• PROBLEM REQUIREMENTS: Your answer must be every line below, repeated exactly.

[Start of Attachment]

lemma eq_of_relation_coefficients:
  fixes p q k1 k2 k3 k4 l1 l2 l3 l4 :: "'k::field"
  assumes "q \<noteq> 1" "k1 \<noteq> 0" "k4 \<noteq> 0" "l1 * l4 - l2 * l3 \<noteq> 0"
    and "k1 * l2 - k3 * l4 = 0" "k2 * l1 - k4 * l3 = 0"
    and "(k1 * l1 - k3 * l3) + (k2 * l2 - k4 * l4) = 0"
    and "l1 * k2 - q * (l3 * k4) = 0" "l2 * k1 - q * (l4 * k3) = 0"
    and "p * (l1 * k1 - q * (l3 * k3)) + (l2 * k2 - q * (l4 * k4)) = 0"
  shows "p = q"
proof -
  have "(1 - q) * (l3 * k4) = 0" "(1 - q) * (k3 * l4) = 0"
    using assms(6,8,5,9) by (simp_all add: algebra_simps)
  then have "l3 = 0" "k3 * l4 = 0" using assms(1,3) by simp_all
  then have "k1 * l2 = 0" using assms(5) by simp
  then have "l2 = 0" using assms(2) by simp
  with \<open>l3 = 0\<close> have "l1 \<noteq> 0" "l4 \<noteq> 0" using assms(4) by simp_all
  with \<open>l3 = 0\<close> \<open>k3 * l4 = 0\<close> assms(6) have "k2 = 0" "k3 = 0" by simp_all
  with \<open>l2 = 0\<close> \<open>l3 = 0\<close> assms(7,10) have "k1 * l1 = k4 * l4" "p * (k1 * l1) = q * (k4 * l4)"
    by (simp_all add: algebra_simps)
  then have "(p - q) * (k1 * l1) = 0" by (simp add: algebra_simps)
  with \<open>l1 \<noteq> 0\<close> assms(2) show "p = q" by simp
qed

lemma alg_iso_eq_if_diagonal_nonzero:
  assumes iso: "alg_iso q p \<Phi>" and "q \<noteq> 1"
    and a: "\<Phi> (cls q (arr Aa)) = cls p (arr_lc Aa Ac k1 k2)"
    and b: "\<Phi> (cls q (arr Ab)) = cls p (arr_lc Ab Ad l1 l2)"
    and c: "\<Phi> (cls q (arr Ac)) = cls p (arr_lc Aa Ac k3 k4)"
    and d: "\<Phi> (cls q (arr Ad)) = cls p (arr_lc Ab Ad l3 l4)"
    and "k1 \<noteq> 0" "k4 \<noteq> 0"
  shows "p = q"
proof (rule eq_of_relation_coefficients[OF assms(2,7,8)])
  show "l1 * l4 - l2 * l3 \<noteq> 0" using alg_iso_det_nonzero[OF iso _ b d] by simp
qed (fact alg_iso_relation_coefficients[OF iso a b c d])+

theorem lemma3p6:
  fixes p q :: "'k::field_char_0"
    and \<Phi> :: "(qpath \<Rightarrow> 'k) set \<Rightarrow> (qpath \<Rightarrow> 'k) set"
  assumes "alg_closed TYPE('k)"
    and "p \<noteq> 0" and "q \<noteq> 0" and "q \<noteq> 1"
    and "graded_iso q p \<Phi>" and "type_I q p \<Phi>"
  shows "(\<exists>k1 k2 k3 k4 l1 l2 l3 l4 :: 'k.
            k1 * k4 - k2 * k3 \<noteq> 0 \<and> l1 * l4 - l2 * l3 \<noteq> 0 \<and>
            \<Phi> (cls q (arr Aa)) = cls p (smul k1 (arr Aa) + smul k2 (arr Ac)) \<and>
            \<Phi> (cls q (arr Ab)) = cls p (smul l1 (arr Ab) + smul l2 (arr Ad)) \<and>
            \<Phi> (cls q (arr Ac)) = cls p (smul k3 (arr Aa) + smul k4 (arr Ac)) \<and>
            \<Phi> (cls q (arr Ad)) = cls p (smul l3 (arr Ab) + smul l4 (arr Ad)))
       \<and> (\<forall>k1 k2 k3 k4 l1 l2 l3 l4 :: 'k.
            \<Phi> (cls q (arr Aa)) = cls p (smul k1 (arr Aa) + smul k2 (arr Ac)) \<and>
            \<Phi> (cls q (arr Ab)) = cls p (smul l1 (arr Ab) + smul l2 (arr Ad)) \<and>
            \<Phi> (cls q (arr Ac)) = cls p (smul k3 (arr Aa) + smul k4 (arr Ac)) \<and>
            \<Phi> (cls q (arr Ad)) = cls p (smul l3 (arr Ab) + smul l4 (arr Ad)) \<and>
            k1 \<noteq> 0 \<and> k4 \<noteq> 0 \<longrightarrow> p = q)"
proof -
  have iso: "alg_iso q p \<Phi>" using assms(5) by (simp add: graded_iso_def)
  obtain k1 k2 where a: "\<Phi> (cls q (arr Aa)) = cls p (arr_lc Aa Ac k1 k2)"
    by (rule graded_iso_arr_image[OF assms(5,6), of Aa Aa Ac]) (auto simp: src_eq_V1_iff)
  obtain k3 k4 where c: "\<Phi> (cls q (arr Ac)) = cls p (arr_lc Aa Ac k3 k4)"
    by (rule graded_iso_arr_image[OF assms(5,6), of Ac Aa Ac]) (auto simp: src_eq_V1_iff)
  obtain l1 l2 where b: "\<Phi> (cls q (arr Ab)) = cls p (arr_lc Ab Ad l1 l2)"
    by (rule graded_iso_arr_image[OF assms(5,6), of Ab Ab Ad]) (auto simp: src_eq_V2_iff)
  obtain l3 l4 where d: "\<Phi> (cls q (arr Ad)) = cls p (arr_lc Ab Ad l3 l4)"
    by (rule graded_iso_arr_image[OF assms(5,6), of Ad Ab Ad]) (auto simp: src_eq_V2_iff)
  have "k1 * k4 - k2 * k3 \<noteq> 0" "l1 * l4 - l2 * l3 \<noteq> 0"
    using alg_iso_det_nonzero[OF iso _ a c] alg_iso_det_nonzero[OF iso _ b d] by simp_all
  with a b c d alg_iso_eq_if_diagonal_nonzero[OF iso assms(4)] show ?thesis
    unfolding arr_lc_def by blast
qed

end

[End of Attachment]

• THE COMPLETED TASK:
lemma eq_of_relation_coefficients:
  fixes p q k1 k2 k3 k4 l1 l2 l3 l4 :: "'k::field"
  assumes "q \<noteq> 1" "k1 \<noteq> 0" "k4 \<noteq> 0" "l1 * l4 - l2 * l3 \<noteq> 0"
    and "k1 * l2 - k3 * l4 = 0" "k2 * l1 - k4 * l3 = 0"
    and "(k1 * l1 - k3 * l3) + (k2 * l2 - k4 * l4) = 0"
    and "l1 * k2 - q * (l3 * k4) = 0" "l2 * k1 - q * (l4 * k3) = 0"
    and "p * (l1 * k1 - q * (l3 * k3)) + (l2 * k2 - q * (l4 * k4)) = 0"
  shows "p = q"
proof -
  have "(1 - q) * (l3 * k4) = 0" "(1 - q) * (k3 * l4) = 0"
    using assms(6,8,5,9) by (simp_all add: algebra_simps)
  then have "l3 = 0" "k3 * l4 = 0" using assms(1,3) by simp_all
  then have "k1 * l2 = 0" using assms(5) by simp
  then have "l2 = 0" using assms(2) by simp
  with \<open>l3 = 0\<close> have "l1 \<noteq> 0" "l4 \<noteq> 0" using assms(4) by simp_all
  with \<open>l3 = 0\<close> \<open>k3 * l4 = 0\<close> assms(6) have "k2 = 0" "k3 = 0" by simp_all
  with \<open>l2 = 0\<close> \<open>l3 = 0\<close> assms(7,10) have "k1 * l1 = k4 * l4" "p * (k1 * l1) = q * (k4 * l4)"
    by (simp_all add: algebra_simps)
  then have "(p - q) * (k1 * l1) = 0" by (simp add: algebra_simps)
  with \<open>l1 \<noteq> 0\<close> assms(2) show "p = q" by simp
qed

lemma alg_iso_eq_if_diagonal_nonzero:
  assumes iso: "alg_iso q p \<Phi>" and "q \<noteq> 1"
    and a: "\<Phi> (cls q (arr Aa)) = cls p (arr_lc Aa Ac k1 k2)"
    and b: "\<Phi> (cls q (arr Ab)) = cls p (arr_lc Ab Ad l1 l2)"
    and c: "\<Phi> (cls q (arr Ac)) = cls p (arr_lc Aa Ac k3 k4)"
    and d: "\<Phi> (cls q (arr Ad)) = cls p (arr_lc Ab Ad l3 l4)"
    and "k1 \<noteq> 0" "k4 \<noteq> 0"
  shows "p = q"
proof (rule eq_of_relation_coefficients[OF assms(2,7,8)])
  show "l1 * l4 - l2 * l3 \<noteq> 0" using alg_iso_det_nonzero[OF iso _ b d] by simp
qed (fact alg_iso_relation_coefficients[OF iso a b c d])+

theorem lemma3p6:
  fixes p q :: "'k::field_char_0"
    and \<Phi> :: "(qpath \<Rightarrow> 'k) set \<Rightarrow> (qpath \<Rightarrow> 'k) set"
  assumes "alg_closed TYPE('k)"
    and "p \<noteq> 0" and "q \<noteq> 0" and "q \<noteq> 1"
    and "graded_iso q p \<Phi>" and "type_I q p \<Phi>"
  shows "(\<exists>k1 k2 k3 k4 l1 l2 l3 l4 :: 'k.
            k1 * k4 - k2 * k3 \<noteq> 0 \<and> l1 * l4 - l2 * l3 \<noteq> 0 \<and>
            \<Phi> (cls q (arr Aa)) = cls p (smul k1 (arr Aa) + smul k2 (arr Ac)) \<and>
            \<Phi> (cls q (arr Ab)) = cls p (smul l1 (arr Ab) + smul l2 (arr Ad)) \<and>
            \<Phi> (cls q (arr Ac)) = cls p (smul k3 (arr Aa) + smul k4 (arr Ac)) \<and>
            \<Phi> (cls q (arr Ad)) = cls p (smul l3 (arr Ab) + smul l4 (arr Ad)))
       \<and> (\<forall>k1 k2 k3 k4 l1 l2 l3 l4 :: 'k.
            \<Phi> (cls q (arr Aa)) = cls p (smul k1 (arr Aa) + smul k2 (arr Ac)) \<and>
            \<Phi> (cls q (arr Ab)) = cls p (smul l1 (arr Ab) + smul l2 (arr Ad)) \<and>
            \<Phi> (cls q (arr Ac)) = cls p (smul k3 (arr Aa) + smul k4 (arr Ac)) \<and>
            \<Phi> (cls q (arr Ad)) = cls p (smul l3 (arr Ab) + smul l4 (arr Ad)) \<and>
            k1 \<noteq> 0 \<and> k4 \<noteq> 0 \<longrightarrow> p = q)"
proof -
  have iso: "alg_iso q p \<Phi>" using assms(5) by (simp add: graded_iso_def)
  obtain k1 k2 where a: "\<Phi> (cls q (arr Aa)) = cls p (arr_lc Aa Ac k1 k2)"
    by (rule graded_iso_arr_image[OF assms(5,6), of Aa Aa Ac]) (auto simp: src_eq_V1_iff)
  obtain k3 k4 where c: "\<Phi> (cls q (arr Ac)) = cls p (arr_lc Aa Ac k3 k4)"
    by (rule graded_iso_arr_image[OF assms(5,6), of Ac Aa Ac]) (auto simp: src_eq_V1_iff)
  obtain l1 l2 where b: "\<Phi> (cls q (arr Ab)) = cls p (arr_lc Ab Ad l1 l2)"
    by (rule graded_iso_arr_image[OF assms(5,6), of Ab Ab Ad]) (auto simp: src_eq_V2_iff)
  obtain l3 l4 where d: "\<Phi> (cls q (arr Ad)) = cls p (arr_lc Ab Ad l3 l4)"
    by (rule graded_iso_arr_image[OF assms(5,6), of Ad Ab Ad]) (auto simp: src_eq_V2_iff)
  have "k1 * k4 - k2 * k3 \<noteq> 0" "l1 * l4 - l2 * l3 \<noteq> 0"
    using alg_iso_det_nonzero[OF iso _ a c] alg_iso_det_nonzero[OF iso _ b d] by simp_all
  with a b c d alg_iso_eq_if_diagonal_nonzero[OF iso assms(4)] show ?thesis
    unfolding arr_lc_def by blast
qed

end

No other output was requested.